Exercise prompt:
Check every line below for the word "shows" and copy each one that has it.

[Source data — start]

lemma sum_atLeastAtMost_eq_sum_lessThan:
  "(\<Sum>k = a..b. g k) = (\<Sum>j<Suc b - a. g (j + a))"
  by (rule sum.reindex_bij_witness[where i="\<lambda>j. j + a" and j="\<lambda>k. k - a"]) auto

definition phen_col :: "nat \<times> nat \<Rightarrow> nat" where
  "phen_col v = 3 * fst v + (if snd v = 4 \<or> snd v = 5 then 0 else if snd v = 0 \<or> snd v = 3 then 1 else 2)"

definition phen_top :: "nat \<times> nat \<Rightarrow> bool" where
  "phen_top v \<longleftrightarrow> snd v = 5 \<or> snd v = 0 \<or> snd v = 1"

definition phen_dist :: "nat \<times> nat \<Rightarrow> nat \<times> nat \<Rightarrow> nat" where
  "phen_dist u v = (phen_col u - phen_col v) + (phen_col v - phen_col u) +
     (if phen_top u = phen_top v then 0
      else if phen_col u = phen_col v \<and> phen_col u mod 3 = 1 then 3 else 1)"

lemma phen_vertex_cases:
  assumes "v \<in> phen_V n"
  obtains i l where "v = (i, l)" "1 \<le> i" "i \<le> n" "l = 0 \<or> l = 1 \<or> l = 2 \<or> l = 3 \<or> l = 4 \<or> l = 5"
proof -
  obtain i l where v: "v = (i, l)" by force
  with assms have "1 \<le> i" "i \<le> n" "l < 6" by (auto simp: phen_V_def)
  moreover from \<open>l < 6\<close> have "l = 0 \<or> l = 1 \<or> l = 2 \<or> l = 3 \<or> l = 4 \<or> l = 5" by auto
  ultimately show thesis using that v by blast
qed

lemma phen_E_ladder:
  assumes "phen_E n v w"
  shows "phen_top v = phen_top w \<and> (phen_col w = phen_col v + 1 \<or> phen_col v = phen_col w + 1)
    \<or> phen_top v \<noteq> phen_top w \<and> phen_col v = phen_col w \<and> phen_col v mod 3 \<noteq> 1"
proof -
  from assms have "v \<in> phen_V n" "w \<in> phen_V n" by (simp_all add: phen_E_def)
  obtain i l where "v = (i, l)" "l = 0 \<or> l = 1 \<or> l = 2 \<or> l = 3 \<or> l = 4 \<or> l = 5"
    using \<open>v \<in> phen_V n\<close> by (rule phen_vertex_cases)
  moreover obtain j m where "w = (j, m)" "m = 0 \<or> m = 1 \<or> m = 2 \<or> m = 3 \<or> m = 4 \<or> m = 5"
    using \<open>w \<in> phen_V n\<close> by (rule phen_vertex_cases)
  ultimately show ?thesis using assms
    by (elim disjE) (simp_all add: phen_E_def phen_link_def phen_col_def phen_top_def mod_Suc)
qed

lemma phen_col_bounds: "v \<in> phen_V n \<Longrightarrow> 3 \<le> phen_col v \<and> phen_col v \<le> 3 * n + 2"
  by (erule phen_vertex_cases) (auto simp: phen_col_def)

lemma phen_eq_if_col_top_eq:
  assumes "u \<in> phen_V n" "v \<in> phen_V n" "phen_col u = phen_col v" "phen_top u = phen_top v"
  shows "u = v"
proof -
  obtain i l where "u = (i, l)" "l = 0 \<or> l = 1 \<or> l = 2 \<or> l = 3 \<or> l = 4 \<or> l = 5"
    using assms(1) by (rule phen_vertex_cases)
  moreover obtain j m where "v = (j, m)" "m = 0 \<or> m = 1 \<or> m = 2 \<or> m = 3 \<or> m = 4 \<or> m = 5"
    using assms(2) by (rule phen_vertex_cases)
  ultimately show ?thesis using assms(3,4)
    by (elim disjE) (simp_all add: phen_col_def phen_top_def, presburger+)
qed

lemma phen_left_neighbour:
  assumes "v \<in> phen_V n" "3 < phen_col v"
  shows "\<exists>w\<in>phen_V n. phen_E n w v \<and> phen_col w + 1 = phen_col v \<and> phen_top w = phen_top v"
  using assms
proof (cases rule: phen_vertex_cases)
  case (1 i l)
  let ?w = "if l = 5 then (i - 1, 1) else if l = 0 then (i, 5) else if l = 1 then (i, 0)
    else if l = 4 then (i - 1, 2) else if l = 3 then (i, 4) else (i, 3)"
  from 1(4) show ?thesis
    using 1(1-3) assms(2)
    by (elim disjE; intro bexI[of _ ?w]; auto simp: phen_E_def phen_link_def phen_V_def phen_col_def phen_top_def)
qed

[Source data — finish]

The completed task:
  shows "phen_top v = phen_top w \<and> (phen_col w = phen_col v + 1 \<or> phen_col v = phen_col w + 1)
  shows "u = v"
  shows "\<exists>w\<in>phen_V n. phen_E n w v \<and> phen_col w + 1 = phen_col v \<and> phen_top w = phen_top v"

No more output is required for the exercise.